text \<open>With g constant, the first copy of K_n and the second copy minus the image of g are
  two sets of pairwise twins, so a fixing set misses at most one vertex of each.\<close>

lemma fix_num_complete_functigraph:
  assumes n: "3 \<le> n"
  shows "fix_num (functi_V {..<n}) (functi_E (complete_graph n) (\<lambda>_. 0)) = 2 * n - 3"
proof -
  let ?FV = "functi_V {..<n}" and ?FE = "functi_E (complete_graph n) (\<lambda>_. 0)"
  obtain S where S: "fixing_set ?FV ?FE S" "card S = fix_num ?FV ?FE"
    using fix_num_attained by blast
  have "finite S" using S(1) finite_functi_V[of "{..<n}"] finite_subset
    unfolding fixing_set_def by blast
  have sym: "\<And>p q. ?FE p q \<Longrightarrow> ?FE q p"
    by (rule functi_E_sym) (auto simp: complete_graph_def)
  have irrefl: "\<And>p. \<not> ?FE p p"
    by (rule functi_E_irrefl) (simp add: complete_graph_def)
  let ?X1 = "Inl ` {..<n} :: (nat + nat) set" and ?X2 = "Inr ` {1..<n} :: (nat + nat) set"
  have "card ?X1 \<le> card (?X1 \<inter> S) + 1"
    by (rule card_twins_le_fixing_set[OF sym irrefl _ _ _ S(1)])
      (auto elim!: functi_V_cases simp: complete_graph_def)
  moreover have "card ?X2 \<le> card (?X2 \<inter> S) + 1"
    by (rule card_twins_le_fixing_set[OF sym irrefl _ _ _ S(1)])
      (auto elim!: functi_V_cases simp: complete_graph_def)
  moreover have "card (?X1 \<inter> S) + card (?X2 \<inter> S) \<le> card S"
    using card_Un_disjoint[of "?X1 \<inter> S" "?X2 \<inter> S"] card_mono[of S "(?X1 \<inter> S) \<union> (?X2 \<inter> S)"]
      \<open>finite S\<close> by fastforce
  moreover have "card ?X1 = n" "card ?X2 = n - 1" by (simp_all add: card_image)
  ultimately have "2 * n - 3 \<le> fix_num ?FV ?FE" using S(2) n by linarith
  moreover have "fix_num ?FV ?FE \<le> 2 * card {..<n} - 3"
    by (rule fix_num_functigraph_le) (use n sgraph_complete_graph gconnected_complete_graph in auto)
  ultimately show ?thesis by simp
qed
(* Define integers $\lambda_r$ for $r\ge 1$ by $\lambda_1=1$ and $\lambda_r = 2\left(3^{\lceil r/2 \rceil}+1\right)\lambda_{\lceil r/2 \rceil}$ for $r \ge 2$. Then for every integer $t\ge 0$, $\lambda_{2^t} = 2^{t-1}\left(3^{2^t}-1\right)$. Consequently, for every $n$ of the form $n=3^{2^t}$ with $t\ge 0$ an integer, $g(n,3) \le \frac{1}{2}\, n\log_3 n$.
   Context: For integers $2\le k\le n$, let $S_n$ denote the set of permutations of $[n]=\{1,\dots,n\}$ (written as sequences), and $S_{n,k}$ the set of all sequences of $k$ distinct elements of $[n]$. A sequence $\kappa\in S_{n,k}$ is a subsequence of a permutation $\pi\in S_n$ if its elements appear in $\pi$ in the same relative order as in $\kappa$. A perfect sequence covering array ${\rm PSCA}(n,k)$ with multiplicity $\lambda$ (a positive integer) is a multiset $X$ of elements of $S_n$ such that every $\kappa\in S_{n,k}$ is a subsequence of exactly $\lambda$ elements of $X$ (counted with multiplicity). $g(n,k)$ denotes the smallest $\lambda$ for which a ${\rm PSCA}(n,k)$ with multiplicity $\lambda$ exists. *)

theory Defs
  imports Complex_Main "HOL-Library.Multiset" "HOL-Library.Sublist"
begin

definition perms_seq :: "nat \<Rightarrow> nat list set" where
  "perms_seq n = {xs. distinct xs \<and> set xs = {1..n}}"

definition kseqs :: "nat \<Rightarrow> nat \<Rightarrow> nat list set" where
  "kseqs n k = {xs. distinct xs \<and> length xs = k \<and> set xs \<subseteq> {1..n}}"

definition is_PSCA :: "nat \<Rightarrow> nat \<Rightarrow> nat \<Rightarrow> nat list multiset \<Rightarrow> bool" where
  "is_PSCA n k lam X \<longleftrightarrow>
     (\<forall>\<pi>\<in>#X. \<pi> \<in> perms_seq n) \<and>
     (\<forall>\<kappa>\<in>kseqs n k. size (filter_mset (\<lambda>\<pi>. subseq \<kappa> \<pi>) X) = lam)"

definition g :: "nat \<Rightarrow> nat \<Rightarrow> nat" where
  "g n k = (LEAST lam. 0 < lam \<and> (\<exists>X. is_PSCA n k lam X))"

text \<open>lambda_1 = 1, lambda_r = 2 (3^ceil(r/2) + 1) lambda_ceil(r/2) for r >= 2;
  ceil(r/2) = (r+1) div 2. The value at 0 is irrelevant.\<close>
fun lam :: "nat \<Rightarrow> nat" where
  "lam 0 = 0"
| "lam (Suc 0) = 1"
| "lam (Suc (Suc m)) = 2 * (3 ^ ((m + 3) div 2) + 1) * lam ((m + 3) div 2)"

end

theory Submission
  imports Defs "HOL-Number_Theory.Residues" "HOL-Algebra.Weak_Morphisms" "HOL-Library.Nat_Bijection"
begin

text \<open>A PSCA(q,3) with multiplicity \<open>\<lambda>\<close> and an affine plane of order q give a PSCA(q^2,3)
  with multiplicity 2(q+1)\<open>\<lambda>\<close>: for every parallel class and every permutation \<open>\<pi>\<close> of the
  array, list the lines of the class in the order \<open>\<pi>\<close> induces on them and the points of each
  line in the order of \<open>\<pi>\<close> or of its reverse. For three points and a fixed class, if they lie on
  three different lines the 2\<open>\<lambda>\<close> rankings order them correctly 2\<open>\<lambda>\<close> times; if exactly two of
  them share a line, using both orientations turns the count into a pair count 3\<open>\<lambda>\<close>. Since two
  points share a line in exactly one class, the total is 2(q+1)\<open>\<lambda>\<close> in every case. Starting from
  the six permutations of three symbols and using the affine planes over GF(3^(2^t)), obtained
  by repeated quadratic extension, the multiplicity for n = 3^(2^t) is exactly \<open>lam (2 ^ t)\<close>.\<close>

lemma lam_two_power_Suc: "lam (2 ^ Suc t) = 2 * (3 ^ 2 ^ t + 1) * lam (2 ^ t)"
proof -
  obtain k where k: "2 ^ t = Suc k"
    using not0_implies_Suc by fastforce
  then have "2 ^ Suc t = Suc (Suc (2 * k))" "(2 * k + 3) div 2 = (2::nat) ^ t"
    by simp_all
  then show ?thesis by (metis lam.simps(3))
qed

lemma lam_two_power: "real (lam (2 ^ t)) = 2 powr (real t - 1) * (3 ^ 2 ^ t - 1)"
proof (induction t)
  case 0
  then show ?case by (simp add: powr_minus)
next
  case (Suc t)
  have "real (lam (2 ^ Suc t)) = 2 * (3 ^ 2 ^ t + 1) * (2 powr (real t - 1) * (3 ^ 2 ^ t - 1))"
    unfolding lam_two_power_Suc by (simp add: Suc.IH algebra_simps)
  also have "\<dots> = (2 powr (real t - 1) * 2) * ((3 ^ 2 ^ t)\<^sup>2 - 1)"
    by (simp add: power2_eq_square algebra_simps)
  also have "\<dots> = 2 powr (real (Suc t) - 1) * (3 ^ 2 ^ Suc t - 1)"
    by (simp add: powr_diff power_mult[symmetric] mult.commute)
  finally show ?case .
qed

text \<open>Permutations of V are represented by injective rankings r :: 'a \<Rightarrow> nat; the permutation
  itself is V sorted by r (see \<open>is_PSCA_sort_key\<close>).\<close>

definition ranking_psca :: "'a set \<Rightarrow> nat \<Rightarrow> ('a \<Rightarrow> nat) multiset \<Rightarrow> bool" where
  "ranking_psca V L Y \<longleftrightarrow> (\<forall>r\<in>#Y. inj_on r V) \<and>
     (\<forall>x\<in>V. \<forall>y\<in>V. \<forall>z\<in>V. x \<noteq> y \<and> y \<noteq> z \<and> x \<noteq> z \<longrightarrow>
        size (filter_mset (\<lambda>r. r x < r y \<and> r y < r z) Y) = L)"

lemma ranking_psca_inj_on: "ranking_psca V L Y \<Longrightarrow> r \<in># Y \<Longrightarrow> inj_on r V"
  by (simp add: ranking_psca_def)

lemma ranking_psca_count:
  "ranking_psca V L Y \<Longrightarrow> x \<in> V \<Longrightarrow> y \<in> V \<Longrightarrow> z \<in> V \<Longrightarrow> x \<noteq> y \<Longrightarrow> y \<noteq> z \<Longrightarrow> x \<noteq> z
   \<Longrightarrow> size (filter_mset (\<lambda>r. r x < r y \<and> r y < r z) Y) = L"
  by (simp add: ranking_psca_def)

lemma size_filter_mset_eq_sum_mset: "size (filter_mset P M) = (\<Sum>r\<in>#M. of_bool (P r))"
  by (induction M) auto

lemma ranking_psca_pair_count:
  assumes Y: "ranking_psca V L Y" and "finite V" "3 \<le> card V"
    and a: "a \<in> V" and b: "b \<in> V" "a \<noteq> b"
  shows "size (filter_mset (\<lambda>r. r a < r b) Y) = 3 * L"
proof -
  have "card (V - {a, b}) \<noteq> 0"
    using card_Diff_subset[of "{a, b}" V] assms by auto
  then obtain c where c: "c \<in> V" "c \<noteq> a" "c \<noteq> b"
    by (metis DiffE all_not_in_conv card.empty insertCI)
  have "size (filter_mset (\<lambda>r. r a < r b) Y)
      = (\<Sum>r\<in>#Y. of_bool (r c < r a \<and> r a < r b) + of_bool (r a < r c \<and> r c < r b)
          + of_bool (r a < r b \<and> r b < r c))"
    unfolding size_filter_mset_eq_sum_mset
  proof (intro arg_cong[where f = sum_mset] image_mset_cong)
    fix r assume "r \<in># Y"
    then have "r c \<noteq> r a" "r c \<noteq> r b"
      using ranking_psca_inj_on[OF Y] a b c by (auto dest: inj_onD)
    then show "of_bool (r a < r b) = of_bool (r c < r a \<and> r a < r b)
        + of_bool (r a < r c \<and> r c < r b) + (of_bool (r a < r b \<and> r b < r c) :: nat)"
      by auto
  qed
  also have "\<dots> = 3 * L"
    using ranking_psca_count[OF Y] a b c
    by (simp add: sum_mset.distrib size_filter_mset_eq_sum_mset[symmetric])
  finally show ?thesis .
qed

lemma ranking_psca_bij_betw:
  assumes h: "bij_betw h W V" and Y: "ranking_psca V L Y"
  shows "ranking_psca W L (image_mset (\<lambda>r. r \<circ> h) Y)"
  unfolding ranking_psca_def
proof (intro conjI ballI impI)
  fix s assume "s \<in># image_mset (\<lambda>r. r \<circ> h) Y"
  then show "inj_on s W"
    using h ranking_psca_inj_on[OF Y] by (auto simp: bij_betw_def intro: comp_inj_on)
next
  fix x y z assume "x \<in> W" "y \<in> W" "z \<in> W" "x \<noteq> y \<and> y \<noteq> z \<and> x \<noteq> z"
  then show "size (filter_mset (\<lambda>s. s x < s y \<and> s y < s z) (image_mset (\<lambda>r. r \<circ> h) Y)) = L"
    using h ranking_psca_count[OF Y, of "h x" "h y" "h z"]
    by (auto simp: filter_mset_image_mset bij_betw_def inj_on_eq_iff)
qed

....................

* **Exercise brief**
Among the lines of the listing above, which ones contain the word "integer"? Show them.

* **Answer space**
(* Define integers $\lambda_r$ for $r\ge 1$ by $\lambda_1=1$ and $\lambda_r = 2\left(3^{\lceil r/2 \rceil}+1\right)\lambda_{\lceil r/2 \rceil}$ for $r \ge 2$. Then for every integer $t\ge 0$, $\lambda_{2^t} = 2^{t-1}\left(3^{2^t}-1\right)$. Consequently, for every $n$ of the form $n=3^{2^t}$ with $t\ge 0$ an integer, $g(n,3) \le \frac{1}{2}\, n\log_3 n$.
   Context: For integers $2\le k\le n$, let $S_n$ denote the set of permutations of $[n]=\{1,\dots,n\}$ (written as sequences), and $S_{n,k}$ the set of all sequences of $k$ distinct elements of $[n]$. A sequence $\kappa\in S_{n,k}$ is a subsequence of a permutation $\pi\in S_n$ if its elements appear in $\pi$ in the same relative order as in $\kappa$. A perfect sequence covering array ${\rm PSCA}(n,k)$ with multiplicity $\lambda$ (a positive integer) is a multiset $X$ of elements of $S_n$ such that every $\kappa\in S_{n,k}$ is a subsequence of exactly $\lambda$ elements of $X$ (counted with multiplicity). $g(n,k)$ denotes the smallest $\lambda$ for which a ${\rm PSCA}(n,k)$ with multiplicity $\lambda$ exists. *)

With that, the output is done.